(* Let $\mathbf{C}$ be the Cantor set with a fixed compatible metric $\mathrm{dist}$, let $X \subset \mathbf{C}$, and let $f : X \to Y$ be a clopen-LC function from $X$ onto a separable metrizable space $Y$. Assume $f^{-1}(y)$ is compact for every $y \in Y$. For $n = 1,2,\dots$, let $X_n$ be the union of all fibers $f^{-1}(y)$, $y \in Y$, with the following property: there exist a sequence $y_k \to y$ in $Y$ with $y_k \neq y$ for all $k$ and $y_k \neq y_j$ for $k \neq j$, points $x_k \in f^{-1}(y_k)$, and a point $\tilde{x}_y \in \mathbf{C}$ such that $x_k \to \tilde{x}_y$ and $\mathrm{dist}(\tilde{x}_y, f^{-1}(y)) > 1/n$. Let $Y_n = f(X_n)$. Then the restriction $f|_{X_n} : X_n \to Y_n$ is an open function.
   Context: All spaces are separable metrizable. A subset of a topological space is an LC-set if it is the intersection of an open set and a closed set. A function is open if it maps open sets to open sets of its image space. A function $f : X \to Y$ is clopen-LC if for every subset $U \subset X$ that is clopen in $X$, the image $f(U)$ is an LC-set in $Y$. Note that $X_n = f^{-1}(Y_n)$ since $X_n$ is a union of fibers. *)

theory Defs
  imports "HOL-Analysis.Analysis"
begin

definition cantor_set :: "real set" where
  "cantor_set = {x. \<exists>a::nat \<Rightarrow> nat. (\<forall>k. a k \<in> {0, 2}) \<and>
                      x = (\<Sum>k. real (a k) / 3 ^ Suc k)}"

definition LC_set :: "'a topology \<Rightarrow> 'a set \<Rightarrow> bool" where
  "LC_set T S \<longleftrightarrow> (\<exists>U V. openin T U \<and> closedin T V \<and> S = U \<inter> V)"

definition clopen_LC :: "'a topology \<Rightarrow> 'b topology \<Rightarrow> ('a \<Rightarrow> 'b) \<Rightarrow> bool" where
  "clopen_LC X Y f \<longleftrightarrow> (\<forall>U. closedin X U \<and> openin X U \<longrightarrow> LC_set Y (f ` U))"

definition dist_to_set :: "('a \<Rightarrow> 'a \<Rightarrow> real) \<Rightarrow> 'a \<Rightarrow> 'a set \<Rightarrow> real" where
  "dist_to_set d x A = Inf ((\<lambda>z. d x z) ` A)"

definition X_n ::
  "real set \<Rightarrow> (real \<Rightarrow> real \<Rightarrow> real) \<Rightarrow> real set \<Rightarrow> 'b topology \<Rightarrow> (real \<Rightarrow> 'b) \<Rightarrow> nat \<Rightarrow> real set"
where
  "X_n C d X Y f n = \<Union> { {x \<in> X. f x = y} | y. y \<in> topspace Y \<and>
      (\<exists>yk :: nat \<Rightarrow> 'b. \<exists>xk :: nat \<Rightarrow> real. \<exists>x'.
          (\<forall>k. yk k \<in> topspace Y) \<and> limitin Y yk y sequentially \<and>
          (\<forall>k. yk k \<noteq> y) \<and> inj yk \<and>
          (\<forall>k. xk k \<in> X \<and> f (xk k) = yk k) \<and>
          x' \<in> C \<and> limitin (top_of_set C) xk x' sequentially \<and>
          dist_to_set d x' {x \<in> X. f x = y} > 1 / real n) }"

end

theory Submission
  imports Defs
begin

(* Suppose the restriction of f to X_n is not open: there are U = X_n \<inter> V (V open) and
   x \<in> U with values y_j \<in> f(X_n) - f(U) converging to f x.  Each y_j has witnesses
   x_{j,k} \<rightarrow> t_j with dist(t_j, f\<^sup>-\<^sup>1(y_j)) > 1/n, and by compactness of the Cantor
   set t_j \<rightarrow> r along a subsequence.  Since the Cantor set contains no interval, there
   are intervals [a,b] \<subseteq> V around x and [c,e] around r (inside the 1/(2n)-ball of r)
   whose endpoints lie outside the Cantor set; so U' = X \<inter> ([a,b] \<union> [c,e]) is clopen
   in X and f(U') = G \<inter> F is an LC-set.  For large j, y_j \<in> G (as f x \<in> G) and
   y_j \<in> F (as f(x_{j,k}) \<in> f(U') converge to y_j), so the fibre of y_j meets U'.  But it
   misses [a,b] (since y_j \<notin> f(U)) and [c,e] (it is more than 1/n away from t_j). *)

section \<open>The Cantor set\<close>

definition ternary :: "(nat \<Rightarrow> real) \<Rightarrow> real" where
  "ternary a = (\<Sum>k. a k / 3 ^ Suc k)"

definition cantor_digits :: "(nat \<Rightarrow> real) set" where
  "cantor_digits = {a. \<forall>k. a k \<in> {0,2}}"

lemma sums_geometric_thirds: "(\<lambda>k. 2 / (3::real) ^ Suc k) sums 1"
proof -
  have "(\<lambda>k. (2/3) * (1/3::real) ^ k) sums ((2/3) * (1 / (1 - 1/3)))"
    by (intro sums_mult geometric_sums) auto
  then show ?thesis by (simp add: power_divide field_simps)
qed

lemma cantor_digit_term_bound:
  "a \<in> cantor_digits \<Longrightarrow> norm (a k / 3 ^ Suc k) \<le> 2 / (3::real) ^ Suc k"
  unfolding cantor_digits_def by (cases "a k = 0") auto

lemma summable_ternary: "a \<in> cantor_digits \<Longrightarrow> summable (\<lambda>k. a k / 3 ^ Suc k)"
  by (rule summable_comparison_test[OF _ sums_summable[OF sums_geometric_thirds]])
    (metis cantor_digit_term_bound)

lemma cantor_digits_shift: "a \<in> cantor_digits \<Longrightarrow> (\<lambda>i. a (i + k)) \<in> cantor_digits"
  unfolding cantor_digits_def by auto

lemma ternary_split:
  assumes "a \<in> cantor_digits"
  shows "ternary a = a 0 / 3 + ternary (\<lambda>i. a (Suc i)) / 3"
proof -
  have tail: "(\<lambda>i. a (Suc i)) \<in> cantor_digits"
    using cantor_digits_shift[OF assms, of 1] by simp
  have "ternary a = (\<Sum>k. a (Suc k) / 3 ^ Suc (Suc k)) + a 0 / 3"
    unfolding ternary_def using suminf_split_head[OF summable_ternary[OF assms]] by simp
  also have "(\<Sum>k. a (Suc k) / 3 ^ Suc (Suc k)) = (\<Sum>k. (a (Suc k) / 3 ^ Suc k) / 3)"
    by (simp add: field_simps)
  also have "\<dots> = ternary (\<lambda>i. a (Suc i)) / 3"
    unfolding ternary_def by (rule suminf_divide[OF summable_ternary[OF tail]])
  finally show ?thesis by simp
qed

lemma ternary_bounds:
  assumes "a \<in> cantor_digits"
  shows "0 \<le> ternary a" "ternary a \<le> 1"
proof -
  have digit: "a k = 0 \<or> a k = 2" for k using assms by (auto simp: cantor_digits_def)
  show "0 \<le> ternary a"
    unfolding ternary_def using digit
    by (intro suminf_nonneg[OF summable_ternary[OF assms]]) (metis divide_nonneg_pos
        order.refl zero_le_numeral zero_less_numeral zero_less_power)
  have "ternary a \<le> (\<Sum>k. 2 / (3::real) ^ Suc k)"
    unfolding ternary_def using digit
    by (intro suminf_le[OF _ summable_ternary[OF assms] sums_summable[OF sums_geometric_thirds]])
      (metis divide_right_mono order.refl zero_le_numeral zero_le_power)
  then show "ternary a \<le> 1" using sums_geometric_thirds by (simp add: sums_iff)
qed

# # # # #

→ **REQUIREMENT**
Go through the entries and repeat each one exactly.

→ **RESPONSE**
(* Let $\mathbf{C}$ be the Cantor set with a fixed compatible metric $\mathrm{dist}$, let $X \subset \mathbf{C}$, and let $f : X \to Y$ be a clopen-LC function from $X$ onto a separable metrizable space $Y$. Assume $f^{-1}(y)$ is compact for every $y \in Y$. For $n = 1,2,\dots$, let $X_n$ be the union of all fibers $f^{-1}(y)$, $y \in Y$, with the following property: there exist a sequence $y_k \to y$ in $Y$ with $y_k \neq y$ for all $k$ and $y_k \neq y_j$ for $k \neq j$, points $x_k \in f^{-1}(y_k)$, and a point $\tilde{x}_y \in \mathbf{C}$ such that $x_k \to \tilde{x}_y$ and $\mathrm{dist}(\tilde{x}_y, f^{-1}(y)) > 1/n$. Let $Y_n = f(X_n)$. Then the restriction $f|_{X_n} : X_n \to Y_n$ is an open function.
   Context: All spaces are separable metrizable. A subset of a topological space is an LC-set if it is the intersection of an open set and a closed set. A function is open if it maps open sets to open sets of its image space. A function $f : X \to Y$ is clopen-LC if for every subset $U \subset X$ that is clopen in $X$, the image $f(U)$ is an LC-set in $Y$. Note that $X_n = f^{-1}(Y_n)$ since $X_n$ is a union of fibers. *)

theory Defs
  imports "HOL-Analysis.Analysis"
begin

definition cantor_set :: "real set" where
  "cantor_set = {x. \<exists>a::nat \<Rightarrow> nat. (\<forall>k. a k \<in> {0, 2}) \<and>
                      x = (\<Sum>k. real (a k) / 3 ^ Suc k)}"

definition LC_set :: "'a topology \<Rightarrow> 'a set \<Rightarrow> bool" where
  "LC_set T S \<longleftrightarrow> (\<exists>U V. openin T U \<and> closedin T V \<and> S = U \<inter> V)"

definition clopen_LC :: "'a topology \<Rightarrow> 'b topology \<Rightarrow> ('a \<Rightarrow> 'b) \<Rightarrow> bool" where
  "clopen_LC X Y f \<longleftrightarrow> (\<forall>U. closedin X U \<and> openin X U \<longrightarrow> LC_set Y (f ` U))"

definition dist_to_set :: "('a \<Rightarrow> 'a \<Rightarrow> real) \<Rightarrow> 'a \<Rightarrow> 'a set \<Rightarrow> real" where
  "dist_to_set d x A = Inf ((\<lambda>z. d x z) ` A)"

definition X_n ::
  "real set \<Rightarrow> (real \<Rightarrow> real \<Rightarrow> real) \<Rightarrow> real set \<Rightarrow> 'b topology \<Rightarrow> (real \<Rightarrow> 'b) \<Rightarrow> nat \<Rightarrow> real set"
where
  "X_n C d X Y f n = \<Union> { {x \<in> X. f x = y} | y. y \<in> topspace Y \<and>
      (\<exists>yk :: nat \<Rightarrow> 'b. \<exists>xk :: nat \<Rightarrow> real. \<exists>x'.
          (\<forall>k. yk k \<in> topspace Y) \<and> limitin Y yk y sequentially \<and>
          (\<forall>k. yk k \<noteq> y) \<and> inj yk \<and>
          (\<forall>k. xk k \<in> X \<and> f (xk k) = yk k) \<and>
          x' \<in> C \<and> limitin (top_of_set C) xk x' sequentially \<and>
          dist_to_set d x' {x \<in> X. f x = y} > 1 / real n) }"

end

theory Submission
  imports Defs
begin

(* Suppose the restriction of f to X_n is not open: there are U = X_n \<inter> V (V open) and
   x \<in> U with values y_j \<in> f(X_n) - f(U) converging to f x.  Each y_j has witnesses
   x_{j,k} \<rightarrow> t_j with dist(t_j, f\<^sup>-\<^sup>1(y_j)) > 1/n, and by compactness of the Cantor
   set t_j \<rightarrow> r along a subsequence.  Since the Cantor set contains no interval, there
   are intervals [a,b] \<subseteq> V around x and [c,e] around r (inside the 1/(2n)-ball of r)
   whose endpoints lie outside the Cantor set; so U' = X \<inter> ([a,b] \<union> [c,e]) is clopen
   in X and f(U') = G \<inter> F is an LC-set.  For large j, y_j \<in> G (as f x \<in> G) and
   y_j \<in> F (as f(x_{j,k}) \<in> f(U') converge to y_j), so the fibre of y_j meets U'.  But it
   misses [a,b] (since y_j \<notin> f(U)) and [c,e] (it is more than 1/n away from t_j). *)

section \<open>The Cantor set\<close>

definition ternary :: "(nat \<Rightarrow> real) \<Rightarrow> real" where
  "ternary a = (\<Sum>k. a k / 3 ^ Suc k)"

definition cantor_digits :: "(nat \<Rightarrow> real) set" where
  "cantor_digits = {a. \<forall>k. a k \<in> {0,2}}"

lemma sums_geometric_thirds: "(\<lambda>k. 2 / (3::real) ^ Suc k) sums 1"
proof -
  have "(\<lambda>k. (2/3) * (1/3::real) ^ k) sums ((2/3) * (1 / (1 - 1/3)))"
    by (intro sums_mult geometric_sums) auto
  then show ?thesis by (simp add: power_divide field_simps)
qed

lemma cantor_digit_term_bound:
  "a \<in> cantor_digits \<Longrightarrow> norm (a k / 3 ^ Suc k) \<le> 2 / (3::real) ^ Suc k"
  unfolding cantor_digits_def by (cases "a k = 0") auto

lemma summable_ternary: "a \<in> cantor_digits \<Longrightarrow> summable (\<lambda>k. a k / 3 ^ Suc k)"
  by (rule summable_comparison_test[OF _ sums_summable[OF sums_geometric_thirds]])
    (metis cantor_digit_term_bound)

lemma cantor_digits_shift: "a \<in> cantor_digits \<Longrightarrow> (\<lambda>i. a (i + k)) \<in> cantor_digits"
  unfolding cantor_digits_def by auto

lemma ternary_split:
  assumes "a \<in> cantor_digits"
  shows "ternary a = a 0 / 3 + ternary (\<lambda>i. a (Suc i)) / 3"
proof -
  have tail: "(\<lambda>i. a (Suc i)) \<in> cantor_digits"
    using cantor_digits_shift[OF assms, of 1] by simp
  have "ternary a = (\<Sum>k. a (Suc k) / 3 ^ Suc (Suc k)) + a 0 / 3"
    unfolding ternary_def using suminf_split_head[OF summable_ternary[OF assms]] by simp
  also have "(\<Sum>k. a (Suc k) / 3 ^ Suc (Suc k)) = (\<Sum>k. (a (Suc k) / 3 ^ Suc k) / 3)"
    by (simp add: field_simps)
  also have "\<dots> = ternary (\<lambda>i. a (Suc i)) / 3"
    unfolding ternary_def by (rule suminf_divide[OF summable_ternary[OF tail]])
  finally show ?thesis by simp
qed

lemma ternary_bounds:
  assumes "a \<in> cantor_digits"
  shows "0 \<le> ternary a" "ternary a \<le> 1"
proof -
  have digit: "a k = 0 \<or> a k = 2" for k using assms by (auto simp: cantor_digits_def)
  show "0 \<le> ternary a"
    unfolding ternary_def using digit
    by (intro suminf_nonneg[OF summable_ternary[OF assms]]) (metis divide_nonneg_pos
        order.refl zero_le_numeral zero_less_numeral zero_less_power)
  have "ternary a \<le> (\<Sum>k. 2 / (3::real) ^ Suc k)"
    unfolding ternary_def using digit
    by (intro suminf_le[OF _ summable_ternary[OF assms] sums_summable[OF sums_geometric_thirds]])
      (metis divide_right_mono order.refl zero_le_numeral zero_le_power)
  then show "ternary a \<le> 1" using sums_geometric_thirds by (simp add: sums_iff)
qed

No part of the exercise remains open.